Spark's Work

Running Code in Parallel

When running large, time-consuming machine learning tasks, such as 5-fold cross validation, or simply trying out different models, it is crucial to leverage parallelism which can potentially save hours and days of computing time. In this short note, I will briefly describe how to use multiprocessing to complete tasks in parallel.

Before starting, I would like to note down that multiprocessing and multithread are different. I know they are different, but I am not sure exactly how. This will probably be a topic for another day.

R

My first time running something in parallel was in R with the help of two packages - foreach and doParallel, as well as reference documents here and here.

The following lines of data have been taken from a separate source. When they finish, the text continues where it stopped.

lemma sum_rank_increments:
  fixes rank :: "'a \<Rightarrow> 'b::linorder" and h :: "'a set \<Rightarrow> real"
  assumes "finite V" "inj_on rank V"
  shows "(\<Sum>v\<in>V. h (insert v {x \<in> V. rank x < rank v}) - h {x \<in> V. rank x < rank v}) = h V - h {}"
  using assms
proof (induction V rule: finite_ranking_induct[where f = rank])
  case empty
  then show ?case by simp
next
  case (insert x S)
  show ?case
  proof (cases "x \<in> S")
    case True
    then show ?thesis using insert by (simp add: insert_absorb)
  next
    case False
    have "rank y < rank x" if "y \<in> S" for y
      using insert.hyps(2)[OF that] inj_onD[OF insert.prems, of y x] that False
      by (auto simp: order_le_less)
    then have pre_x: "{y \<in> insert x S. rank y < rank x} = S"
      by auto
    have pre_v: "{y \<in> insert x S. rank y < rank v} = {y \<in> S. rank y < rank v}" if "v \<in> S" for v
      using insert.hyps(2)[OF that] by auto
    have "(\<Sum>v\<in>S. h (insert v {y \<in> insert x S. rank y < rank v}) - h {y \<in> insert x S. rank y < rank v})
        = (\<Sum>v\<in>S. h (insert v {y \<in> S. rank y < rank v}) - h {y \<in> S. rank y < rank v})"
      by (intro sum.cong refl) (simp only: pre_v)
    also have "\<dots> = h S - h {}"
      using insert.IH insert.prems by (simp add: inj_on_insert)
    finally show ?thesis
      unfolding sum.insert[OF insert.hyps(1) False] pre_x by simp
  qed
qed

lemma obtain_rank_with_prefix:
  assumes "finite V"
  obtains rank :: "'a \<Rightarrow> bool \<times> nat"
  where "inj_on rank V" "\<And>x y. x \<in> U \<Longrightarrow> y \<notin> U \<Longrightarrow> rank x < rank y"
proof -
  obtain r :: "'a \<Rightarrow> nat" where "inj_on r V"
    using finite_imp_inj_to_nat_seg[OF assms] by blast
  then show thesis
    by (intro that[of "\<lambda>v. (v \<notin> U, r v)"]) (auto simp: inj_on_def)
qed

text \<open>The chain-rule summand: \<open>|T|\<close> times the conditional entropy of \<open>v\<close> given the attributes
  of \<open>V\<close> ranked before it.\<close>

definition chain_gain :: "('v \<Rightarrow> 'd) set \<Rightarrow> 'v set \<Rightarrow> ('v \<Rightarrow> 'b::ord) \<Rightarrow> 'v \<Rightarrow> real" where
  "chain_gain T V rank v = scaled_entropy_gain T {x \<in> V. rank x < rank v} v"

lemma chain_gain_nonneg: "finite T \<Longrightarrow> 0 \<le> chain_gain T V rank v"
  by (simp add: chain_gain_def scaled_entropy_gain_nonneg)

lemma sum_chain_gain:
  fixes rank :: "'v \<Rightarrow> 'b::linorder"
  assumes "finite T" "T \<subseteq> extensional V" "finite V" "inj_on rank V"
  shows "(\<Sum>v\<in>V. chain_gain T V rank v) = card T * ln (card T)"
  using sum_rank_increments[OF assms(3,4), of "scaled_entropy T"]
  by (simp add: chain_gain_def scaled_entropy_gain_def scaled_entropy_extensional[OF assms(1,2)])

lemma chain_gain_le:
  assumes "finite T" "B \<subseteq> {x \<in> V. rank x < rank v}"
  shows "chain_gain T V rank v \<le> scaled_entropy_gain T B v"
  unfolding chain_gain_def using assms by (rule scaled_entropy_gain_antimono)

lemma chain_gain_pair_le:
  fixes rank :: "'v \<Rightarrow> 'b::linorder"
  assumes fin: "finite T" and "inj_on rank V" "a \<in> V" "b \<in> V" "a \<noteq> b"
  shows "chain_gain T V rank a + chain_gain T V rank b \<le> scaled_entropy T {a, b}"
proof -
  have *: "chain_gain T V rank p + chain_gain T V rank q \<le> scaled_entropy T {p, q}"
    if "p \<in> V" "rank p < rank q" for p q
  proof -
    have "chain_gain T V rank p \<le> scaled_entropy_gain T {} p"
      by (rule chain_gain_le[OF fin]) simp
    moreover have "chain_gain T V rank q \<le> scaled_entropy_gain T {p} q"
      by (rule chain_gain_le[OF fin]) (use that in simp)
    ultimately show ?thesis
      by (simp add: scaled_entropy_gain_def insert_commute)
  qed
  have "rank a \<noteq> rank b"
    using assms(2-5) by (auto simp: inj_on_def)
  then consider "rank a < rank b" | "rank b < rank a"
    by (meson linorder_neqE)
  then show ?thesis
    using *[of a b] *[of b a] assms(3,4) by cases (simp_all add: insert_commute add.commute)
qed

Essentially, the tasks to be run are structured in a loop which will be run in parallel. A minimal example is given as follows.

library(foreach)
library(doParallel)

cl <- makeCluster(10) # = however many processes in parallel
registerDoParallel(cl)

foreach (i in 1:100) %dopar% {
    print(i) # the task that needs to be run in parallel
}

stopCluster(cl) # stop the clusters

Within the %dopar% loop, I typically call another function that fit some machine learning model and then also save it as a data file for further analysis later.

Python

There are many ways to do things in parallel with Python. Here I will focus on using the package multiprocessing (Recall that I had an interesting episode with its naming here).

An excellent reference for multiprocessing in Python is here. In Python, we can explicitly create and start processes. In addition, if we want the main function to wait for the child process to finish before proceeding, consider using the join method (it is very important that join is called correctly). A minimal example is given below.

from multiprocessing import Process

def fun(i):
    return i

def main():
    proc = []

    for i in 1:100:
        p = Process(target=fun, args=(i, ))
        p.start()
        proc.append(p)
    
    for p in proc:
        p.join()

if __name__ == '__main__':
    main()

For saving results such as a fitted model, it may be done within the fun() function. Alternatively, we may consider collecting all results in a single list and save them all together. In the latter case, we can use Manager in the multiprocessing package (an example is given here).

Julia

In Julia, multiprocessing can be accomplished with the standard package Distributed. A introductory note is given in the official documentation here. I'd like leave it to another day because I need more time to experiment with it. :)